- Born: 1971 (age 54–55) Horten
- Occupations: Political scientist and historian

= Stig Jarle Hansen =

Norwegian political scientist, historian

Stig Jarle Hansen (born 1971 in Horten) is a Norwegian political scientist and historian. He is a professor at the Norwegian University of Life Sciences. Hansen is a specialist in jihadist and Islamist groups in Africa, and provided commentary on the topic for BBC, Al Jazeera, CNN and the Dutch state channel Kanal 4 (CCTV4). He has spoken on the Yemeni civil war and Yemen in general on Dutch broadcasting. Hansen published Al Shabaab in Somalia (Oxford University Press, New York) in 2013.
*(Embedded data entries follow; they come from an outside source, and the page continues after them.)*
(* Let $S$ be a finite tree and $v$ a vertex of $S$. Let $T$ be the multigraph obtained from $S$ by gluing all leaves of $S$, except $v$ in case $v$ is a leaf, into a single vertex $\partial$, which is the boundary vertex of $T$. Let $Y$ be the loop contracting random walk on $(T,\partial)$ started at $v$ and $X$ the simple random walk on $T$ started at $v$. Then $$\mathbb{P}\big(\tau^{Y}_\partial<\tau^{Y}_{v,+}\big)\ \ge\ \mathbb{P}\big(\tau^{X}_\partial<\tau^{X}_{v,+}\big).$$
   Context: Simple random walk on a multigraph: at each step move along an outgoing oriented edge chosen uniformly at random, counting multiplicities. $\tau^X_\partial$ is the first hitting time of $\partial$ and $\tau^X_{v,+}$ the first time $t\ge1$ with $X_t=v$. Contraction of an oriented cycle $C$: remove the vertices of $C$ and all oriented edges with both endpoints in $C$, add a new vertex $v_C$, and replace each oriented edge with exactly one endpoint in $C$ by the edge with that endpoint replaced by $v_C$. Loop contracting random walk (LCRW) on $(G,\partial)$ started at $x\ne\partial$: a sequence $(G_i,P_i,X_i)$ with $G_0=G$, $P_0$ the empty path at $x$, $X_0=x$; at each step choose uniformly at random (counting multiplicity) an outgoing oriented edge $\vec e$ of $X_i$ in $G_i$; if the head of $\vec e$ is a vertex $y$ of the simple path $P_i$, contract the cycle formed by the part of $P_i$ from $y$ to $X_i$ and $\vec e$ to get $G_{i+1}$, truncate $P_i$ at $y$ to get $P_{i+1}$, and set $X_{i+1}=v_C$; otherwise $G_{i+1}=G_i$, $P_{i+1}$ is $P_i$ extended by $\vec e$, $X_{i+1}$ is the head of $\vec e$; terminate when $X_{i+1}=\partial$. For the LCRW $Y$ started at $v$, $\tau^Y_\partial$ is the time at which it reaches $\partial$, and $\tau^Y_{v,+}$ is the first step at which the chosen edge has head $v$ (i.e. the walk returns to $v$; before this time $v$ has not been part of any contracted cycle). *)

theory Defs
  imports "HOL-Probability.Probability"
begin

definition simple_graph :: "'a set \<Rightarrow> ('a \<Rightarrow> 'a \<Rightarrow> bool) \<Rightarrow> bool" where
  "simple_graph V E \<longleftrightarrow> finite V \<and> (\<forall>x y. E x y \<longrightarrow> x \<in> V \<and> y \<in> V \<and> x \<noteq> y \<and> E y x)"

definition is_cycle :: "('a \<Rightarrow> 'a \<Rightarrow> bool) \<Rightarrow> 'a list \<Rightarrow> bool" where
  "is_cycle E xs \<longleftrightarrow> 3 \<le> length xs \<and> distinct xs \<and>
     (\<forall>i. Suc i < length xs \<longrightarrow> E (xs ! i) (xs ! Suc i)) \<and> E (last xs) (hd xs)"

definition finite_tree :: "'a set \<Rightarrow> ('a \<Rightarrow> 'a \<Rightarrow> bool) \<Rightarrow> bool" where
  "finite_tree V E \<longleftrightarrow> simple_graph V E \<and> V \<noteq> {} \<and>
     (\<forall>x\<in>V. \<forall>y\<in>V. E\<^sup>*\<^sup>* x y) \<and> \<not> (\<exists>xs. is_cycle E xs)"

definition is_leaf :: "('a \<Rightarrow> 'a \<Rightarrow> bool) \<Rightarrow> 'a \<Rightarrow> bool" where
  "is_leaf E x \<longleftrightarrow> card {y. E x y} = 1"

text \<open>Vertices of T are of type 'a option; None is the boundary vertex (all leaves except v glued).
  Oriented edges of T are identified with the oriented edges (x,y) of S (multiplicities counted).\<close>

definition glue :: "('a \<Rightarrow> 'a \<Rightarrow> bool) \<Rightarrow> 'a \<Rightarrow> 'a \<Rightarrow> 'a option" where
  "glue E v x = (if is_leaf E x \<and> x \<noteq> v then None else Some x)"
lemma abs_prod_permutation_le:
  fixes X :: "real^'n^'n"
  assumes perm: "\<pi> permutes UNIV"
    and col: "\<And>i. i \<noteq> j0 \<Longrightarrow> X $ i $ j0 = 0"
    and bound: "\<And>i j. i \<noteq> j0 \<Longrightarrow> j \<noteq> j0 \<Longrightarrow> \<bar>X $ i $ j\<bar> \<le> K" and K: "K \<ge> 0"
  shows "\<bar>\<Prod>i\<in>UNIV. X $ i $ \<pi> i\<bar> \<le> \<bar>X $ j0 $ j0\<bar> * K ^ (CARD('n) - 1)"
proof (cases "\<pi> j0 = j0")
  case False
  obtain i where i: "\<pi> i = j0"
    using perm by (metis permutes_surj surjD)
  with False have "X $ i $ \<pi> i = 0"
    using col by (metis)
  then have "(\<Prod>i\<in>UNIV. X $ i $ \<pi> i) = 0"
    by (intro prod_zero) auto
  then show ?thesis
    using K by (simp del: prod_zero_iff)
next
  case True
  have \<pi>_off: "\<pi> i \<noteq> j0" if "i \<noteq> j0" for i
    using that True perm by (metis permutes_inj injD)
  have "\<bar>\<Prod>i\<in>UNIV. X $ i $ \<pi> i\<bar> = \<bar>X $ j0 $ j0\<bar> * (\<Prod>i\<in>UNIV - {j0}. \<bar>X $ i $ \<pi> i\<bar>)"
    using True by (simp add: prod.remove[of UNIV j0] abs_mult abs_prod)
  also have "(\<Prod>i\<in>UNIV - {j0}. \<bar>X $ i $ \<pi> i\<bar>) \<le> (\<Prod>i\<in>UNIV - {j0}. K)"
    by (intro prod_mono) (use bound \<pi>_off in auto)
  also have "(\<Prod>i\<in>UNIV - {j0}. K) = K ^ (CARD('n) - 1)"
    by (simp add: card_Diff_singleton)
  finally show ?thesis
    by (simp add: mult_left_mono)
qed

lemma abs_det_le_by_column:
  fixes X :: "real^'n^'n"
  assumes col: "\<And>i. i \<noteq> j0 \<Longrightarrow> X $ i $ j0 = 0"
    and bound: "\<And>i j. i \<noteq> j0 \<Longrightarrow> j \<noteq> j0 \<Longrightarrow> \<bar>X $ i $ j\<bar> \<le> K" and K: "K \<ge> 0"
  shows "\<bar>det X\<bar> \<le> fact CARD('n) * (\<bar>X $ j0 $ j0\<bar> * K ^ (CARD('n) - 1))"
proof -
  have sign: "\<bar>real_of_int (sign \<pi>)\<bar> = 1" for \<pi> :: "'n \<Rightarrow> 'n"
    by (simp add: sign_def)
  have "\<bar>det X\<bar> \<le> (\<Sum>\<pi>\<in>{\<pi>. \<pi> permutes UNIV}. \<bar>\<Prod>i\<in>UNIV. X $ i $ \<pi> i\<bar>)"
    unfolding det_def by (rule order_trans[OF sum_abs]) (simp add: abs_mult sign)
  also have "\<dots> \<le> (\<Sum>\<pi>\<in>{\<pi>. \<pi> permutes (UNIV::'n set)}. \<bar>X $ j0 $ j0\<bar> * K ^ (CARD('n) - 1))"
    by (intro sum_mono abs_prod_permutation_le col bound K) simp
  finally show ?thesis
    by (simp add: card_permutations)
qed
lemma oprod_mult_distrib_commute:
  assumes H: "subgroup H G" and comm: "\<And>a b. a \<in> H \<Longrightarrow> b \<in> H \<Longrightarrow> a \<otimes> b = b \<otimes> a"
    and fg: "\<And>q. q \<in> set xs \<Longrightarrow> f q \<in> H \<and> g q \<in> H"
  shows "oprod G (\<lambda>q. f q \<otimes> g q) xs = oprod G f xs \<otimes> oprod G g xs"
  using fg
proof (induct xs)
  case (Cons a xs)
  have fa: "f a \<in> H" and ga: "g a \<in> H" using Cons(2) by auto
  have F: "oprod G f xs \<in> H" "oprod G g xs \<in> H"
    using Cons(2) by (auto intro!: oprod_in_subgroup[OF H])
  note carr = subgroup.mem_carrier[OF H]
  have "oprod G (\<lambda>q. f q \<otimes> g q) (a # xs) = f a \<otimes> (g a \<otimes> oprod G f xs) \<otimes> oprod G g xs"
    using Cons fa ga F by (simp add: carr m_assoc)
  also have "g a \<otimes> oprod G f xs = oprod G f xs \<otimes> g a" using comm ga F by simp
  finally show ?case using fa ga F by (simp add: carr m_assoc)
qed simp

end

lemma distinct_pairs: "distinct xs \<Longrightarrow> distinct ys \<Longrightarrow> distinct [(i, j). i \<leftarrow> xs, j \<leftarrow> ys]"
  by (simp add: product_concat_map[symmetric] distinct_product)

lemma filter_upper_pairs_neq:
  "filter (\<lambda>(i, j). j \<noteq> n) [(i, j). i \<leftarrow> [0..<Suc n], j \<leftarrow> [i..<Suc n]]
    = [(i, j). i \<leftarrow> [0..<n], j \<leftarrow> [i..<n]]"
proof -
  have "filter (\<lambda>(i, j). j \<noteq> n) [(i, j). i \<leftarrow> xs, j \<leftarrow> [i..<Suc n]] = [(i, j). i \<leftarrow> xs, j \<leftarrow> [i..<n]]"
    if "\<forall>i \<in> set xs. i \<le> n" for xs
    using that by (induct xs) (auto simp: filter_map o_def)
  then show ?thesis by simp
qed

lemma filter_upper_pairs_eq:
  "filter (\<lambda>(i, j). j = n) [(i, j). i \<leftarrow> [0..<Suc n], j \<leftarrow> [i..<Suc n]] = map (\<lambda>i. (i, n)) [0..<Suc n]"
proof -
  have "filter (\<lambda>(i, j). j = n) [(i, j). i \<leftarrow> xs, j \<leftarrow> [i..<Suc n]] = map (\<lambda>i. (i, n)) xs"
    if "\<forall>i \<in> set xs. i \<le> n" for xs
    using that by (induct xs) (auto simp: filter_map o_def)
  then show ?thesis by (simp add: less_Suc_eq_le)
qed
Hansen received the cand.polit. degree in political science at the University of Oslo in 1999. In 2004, he completed a major in history at the University of Oslo. Hansen graduated in 2006 with a PhD degree at University of Wales Aberystwyth. He has previously lectured on political science at the University of Addis Ababa, at the University of Wales, and at the University of Bath. From 2009 to 2016, he was head international relations at the Department of International Environmental and Development Studies at the Norwegian University of Life Sciences. Hansen was a fellow at the Belfer Center at Harvard University.

Hansen specializes in security policy relating to the Horn of Africa. He wrote for the Janes Defense group in the period 2006 to 2011. In 2016, he contributed articles to Newsweek. He has served as a witness in Norwegian, British and German trials with regard to jihadist extremists. Hansen is a member of the international expert council of Norwegian Risk Consulting International.